Goal of the exercise -
Could you print the lines below exactly, from the one holding "u] card_clique_neighbours_outside_replacements[of u]" through the last line, with no other output?

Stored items
lemma card_clique_neighbours_less: "card {k\<in>K. E u k} < card K"
proof -
  have "{k\<in>K. E u k} \<noteq> K"
  proof
    assume all: "{k\<in>K. E u k} = K"
    then have "u \<notin> K" using adj_irrefl by blast
    moreover have "is_clique E (insert u K)"
      using all clique adj_sym unfolding is_clique_def by blast
    ultimately show False
      using maximum[of "insert u K"] by simp
  qed
  then show ?thesis
    by (simp add: psubset_card_mono psubsetI)
qed

lemma card_clique_neighbours_outside_replacements:
  assumes "u \<notin> (\<Union>k\<in>K. replacements k)"
  shows "card {k\<in>K. E u k} + 2 \<le> card K"
proof -
  have "card {k\<in>K. E u k} \<noteq> card K - 1"
  proof
    assume "card {k\<in>K. E u k} = card K - 1"
    then have "card (K - {k\<in>K. E u k}) = 1"
      using card_clique_neighbours_less[of u] by (simp add: card_Diff_subset)
    then obtain k where "K - {k\<in>K. E u k} = {k}"
      by (metis card_1_singletonE)
    then have "k \<in> K" "u \<in> replacements k"
      by (auto simp: replacements_def)
    with assms show False by blast
  qed
  with card_clique_neighbours_less[of u] show ?thesis by linarith
qed

lemma sum_degree_le:
  "(\<Sum>k\<in>K. real (degree E k))
     \<le> (real (card K) - 2) * CARD('n) + (\<Sum>k\<in>K. real (card (replacements k)))"
proof -
  define U where "U = (\<Union>k\<in>K. replacements k)"
  have card_U: "real (card U) = (\<Sum>k\<in>K. real (card (replacements k)))"
    unfolding U_def using replacements_disjoint
    by (subst card_UN_disjoint) (auto simp: of_nat_sum)
  have "(\<Sum>k\<in>K. real (degree E k)) = (\<Sum>u\<in>UNIV. real (card {k\<in>K. E u k}))"
    using sum_degree_eq_sum_card_neighbours[OF simple, of K] by (metis of_nat_sum)
  also have "\<dots> \<le> (\<Sum>u\<in>UNIV. real (card K) - 1 - (if u \<in> U then 0 else 1))"
  proof (rule sum_mono)
    fix u
    show "real (card {k\<in>K. E u k}) \<le> real (card K) - 1 - (if u \<in> U then 0 else 1)"
      using card_clique_neighbours_less[of u] card_clique_neighbours_outside_replacements[of u]
      unfolding U_def by (auto simp: of_nat_less_iff[symmetric] simp del: of_nat_less_iff)
  qed
  also have "\<dots> = (real (card K) - 1) * CARD('n) - real (card (- U))"
    by (simp add: sum_subtractf sum.If_cases Compl_eq)
  also have "real (card (- U)) = CARD('n) - real (card U)"
    by (simp add: Compl_eq_Diff_UNIV card_Diff_subset of_nat_diff card_mono)
  finally show ?thesis
    using card_U by (simp add: algebra_simps)
qed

Output below -
      using card_clique_neighbours_less[of u] card_clique_neighbours_outside_replacements[of u]
      unfolding U_def by (auto simp: of_nat_less_iff[symmetric] simp del: of_nat_less_iff)
  qed
  also have "\<dots> = (real (card K) - 1) * CARD('n) - real (card (- U))"
    by (simp add: sum_subtractf sum.If_cases Compl_eq)
  also have "real (card (- U)) = CARD('n) - real (card U)"
    by (simp add: Compl_eq_Diff_UNIV card_Diff_subset of_nat_diff card_mono)
  finally show ?thesis
    using card_U by (simp add: algebra_simps)
qed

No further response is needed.